A.F.C. Richmond welcomes Dani Rojas (Cristo Fernández), a Mexican forward, to replace Jamie's position. Dani's enthusiasm and field skills impress the team, causing Jamie to feel jealous. During training, Dani gets injured and blames the treatment room, which the whole club believes is cursed. The story is that young men were invited to come to the Richmond pitch in 1914 to tryout for the team, but actually they were recruited to join the troops fighting World War I, and 400 enlisted, few of whom returned. Their physicals were given in the Richmond treatment room, which the players believe to be haunted by their spirits. To ease fears, Ted has team members each sacrifice a special item in the treatment room to lift the curse. Jamie is not interested in participating but is convinced after talking with Keeley (Juno Temple).

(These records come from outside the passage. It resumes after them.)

locale strongly_monotone_sgd =
  fixes gradf :: "'a::euclidean_space \<Rightarrow> 'x::euclidean_space \<Rightarrow> 'a"
    and X :: "'x set" and D E K1 K2 \<mu> \<eta> :: real
  assumes X_nonempty: "X \<noteq> {}"
    and norm_le_D: "\<And>x. x \<in> X \<Longrightarrow> norm x \<le> D"
    and norm_gradf_0_le_E: "\<And>x. x \<in> X \<Longrightarrow> norm (gradf 0 x) \<le> E"
    and K2_nonneg: "0 \<le> K2"
    and gradf_lipschitz: "\<And>t t' x x'. x \<in> X \<Longrightarrow> x' \<in> X \<Longrightarrow>
          norm (gradf t x - gradf t' x') \<le> K1 * norm (t - t') + K2 * norm (x - x') * (norm t + norm t' + 1)"
    and mu_pos: "0 < \<mu>"
    and gradf_strongly_monotone: "\<And>t1 t2 x. x \<in> X \<Longrightarrow>
          \<mu> * (norm (t1 - t2))\<^sup>2 \<le> (gradf t1 x - gradf t2 x) \<bullet> (t1 - t2)"
    and eta_pos: "0 < \<eta>"
    and eta_K1: "\<eta> * K1\<^sup>2 \<le> \<mu>"
    and eta_mu: "\<eta> * \<mu> \<le> 1"
begin

lemma D_nonneg: "0 \<le> D" and E_nonneg: "0 \<le> E"
  using X_nonempty norm_le_D norm_gradf_0_le_E by (meson ex_in_conv norm_ge_zero order_trans)+

lemma sgd_step_contraction:
  assumes W: "card W = b" "0 < b" and y: "\<forall>i\<in>W. y i \<in> X"
  shows "norm (sgd_step gradf y \<eta> b u W - sgd_step gradf y \<eta> b v W) \<le> (1 - \<eta> * \<mu> / 2) * norm (u - v)"
proof -
  define G where "G t = (1 / real b) *\<^sub>R (\<Sum>i\<in>W. gradf t (y i))" for t
  have step: "sgd_step gradf y \<eta> b t W = t - \<eta> *\<^sub>R G t" for t
    by (simp add: sgd_step_def G_def)
  have diff: "G u - G v = (1 / real b) *\<^sub>R (\<Sum>i\<in>W. gradf u (y i) - gradf v (y i))"
    by (simp add: G_def sum_subtractf scaleR_diff_right)
  have "real b * (\<mu> * (norm (u - v))\<^sup>2) \<le> (\<Sum>i\<in>W. (gradf u (y i) - gradf v (y i)) \<bullet> (u - v))"
    using sum_mono[of W "\<lambda>_. \<mu> * (norm (u - v))\<^sup>2"] gradf_strongly_monotone y W(1) by simp
  then have mono: "\<mu> * (norm (u - v))\<^sup>2 \<le> (G u - G v) \<bullet> (u - v)"
    using W(2) unfolding diff by (simp add: inner_sum_left field_simps)
  have "norm (gradf u (y i) - gradf v (y i)) \<le> K1 * norm (u - v)" if "i \<in> W" for i
    using gradf_lipschitz[of "y i" "y i" u v] y that by simp
  then have "norm (\<Sum>i\<in>W. gradf u (y i) - gradf v (y i)) \<le> (\<Sum>i\<in>W. K1 * norm (u - v))"
    by (rule sum_norm_le)
  then have lip: "norm (G u - G v) \<le> K1 * norm (u - v)"
    using W unfolding diff by (simp add: field_simps)
  show ?thesis
    unfolding step using gradient_step_contraction[OF mono lip] eta_pos eta_K1 eta_mu by simp
qed

lemma norm_sgd_step_le:
  assumes W: "card W = b" "0 < b" and y: "\<forall>i\<in>W. y i \<in> X"
  shows "norm (sgd_step gradf y \<eta> b u W) \<le> (1 - \<eta> * \<mu> / 2) * norm u + \<eta> * E"
proof -
  have "norm (\<Sum>i\<in>W. gradf 0 (y i)) \<le> real b * E"
    using sum_norm_le[of W "\<lambda>i. gradf 0 (y i)" "\<lambda>_. E"] norm_gradf_0_le_E y W(1) by simp
  then have "norm (sgd_step gradf y \<eta> b 0 W) \<le> \<eta> * E"
    using W(2) eta_pos by (simp add: sgd_step_def field_simps)
  then show ?thesis
    using norm_triangle_sub[of "sgd_step gradf y \<eta> b u W" "sgd_step gradf y \<eta> b 0 W"]
      sgd_step_contraction[OF assms, of u 0] by simp
qed

lemma norm_sgd_iterate_le:
  assumes "0 < b" and y: "\<forall>i\<in>{1..n}. y i \<in> X" and "set ws \<subseteq> bsubsets n b"
  shows "norm (foldl (sgd_step gradf y \<eta> b) \<theta> ws) \<le> norm \<theta> + 2 * E / \<mu>"
  using \<open>set ws \<subseteq> bsubsets n b\<close>
proof (induction ws rule: rev_induct)
  case Nil
  then show ?case using mu_pos E_nonneg by simp
next
  case (snoc w ws)
  let ?u = "foldl (sgd_step gradf y \<eta> b) \<theta> ws"
  have w: "card w = b" "\<forall>i\<in>w. y i \<in> X" using snoc.prems y by (auto simp: bsubsets_def)
  have "norm (sgd_step gradf y \<eta> b ?u w) \<le> (1 - \<eta> * \<mu> / 2) * norm ?u + \<eta> * E"
    by (rule norm_sgd_step_le[OF w(1) \<open>0 < b\<close> w(2)])
  also have "\<dots> \<le> (1 - \<eta> * \<mu> / 2) * (norm \<theta> + 2 * E / \<mu>) + \<eta> * E"
    using snoc eta_mu by (intro add_right_mono mult_left_mono) auto
  also have "\<dots> = norm \<theta> + 2 * E / \<mu> - \<eta> * \<mu> / 2 * norm \<theta>"
    using mu_pos by (simp add: field_simps)
  also have "\<dots> \<le> norm \<theta> + 2 * E / \<mu>"
    using eta_pos mu_pos by simp
  finally show ?case by simp
qed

Rebecca discovers that Rupert now has a new girlfriend, also named Rebecca. The media has now labeled her as "Old Rebecca", which annoys her. Sam invites her to join the team in sacrificing something in the treatment room. At the ceremony, Roy brings a blanket, Sam brings a photo of the Nigeria national football team that played at the 1994 FIFA World Cup, Nate brings sunglasses, Rebecca brings that day's newspaper, and Higgins (Jeremy Swift) brings his cat's collar. Jamie also appears, tossing in the shoes that his mother gave him to motivate him to play football. The items are burned out on the pitch, and the next morning, the club's spirits are lifted. However, Ted finds that Jamie has been recalled to Manchester City, and he is furious with Rebecca for allowing the transfer. Cheered up by Dani's claim that "football is life", Ted retires Jamie's jersey from the locker room.

==Development==
===Production===
The character of Ted Lasso first appeared in 2013 as part of NBC Sports promoting their coverage of the Premier League, portrayed by Jason Sudeikis. In October 2019, Apple TV+ gave a series order to a series focused on the character, with Sudeikis reprising his role and co-writing the episode with executive producer Bill Lawrence. Sudeikis and collaborators Brendan Hunt and Joe Kelly started working on a project around 2015, which evolved further when Lawrence joined the series. The episode was directed by Elliot Hegarty and written by executive producer Bill Wrubel. This was Hegarty's second directing credit, and Wrubel's first writing credit for the show.

===Casting===
The series announcement confirmed that Jason Sudeikis would reprise his role as the main character. Other actors who are credited as series regulars include Hannah Waddingham, Jeremy Swift, Phil Dunster, Brett Goldstein, Brendan Hunt, Nick Mohammed, and Juno Temple.

==Critical reviews==
"Two Aces" received positive reviews from critics. Gissane Sophia of Marvelous Geeks Media wrote, "At the end of the day, this team and this showcase is all for tangible growth and change. 'Two Aces' reminds the audience of the fact that softness is a strength, and that teamwork really makes the dream work. On any other show, I'd scream enough with the metaphors, but on Ted Lasso, it works. It always works."

Mads Lennon of FanSided wrote, "New team member Dani Rojas joins AFC Richmond in the episode. Dani turns out to be an incredible soccer player, which is fantastic for Ted since he's still struggling to get Jamie to cooperate with the team. He refuses to attend practice, triggering a rare blow-up from the usually genial coach. If it sounded familiar to you, it's because the series was cleverly parodying the infamous Allen Iverson rant." Daniel Hart of Ready Steady Cut gave the episode a 3.5 star rating out of 5 wrote, "'Two Aces' sees Ted go to great lengths to help raise team spirit."

===Awards and accolades===
Brendan Hunt submitted this episode for consideration for his Primetime Emmy Award for Outstanding Supporting Actor in a Comedy Series nomination at the 73rd Primetime Emmy Awards. He lost the award to his co-star, Brett Goldstein.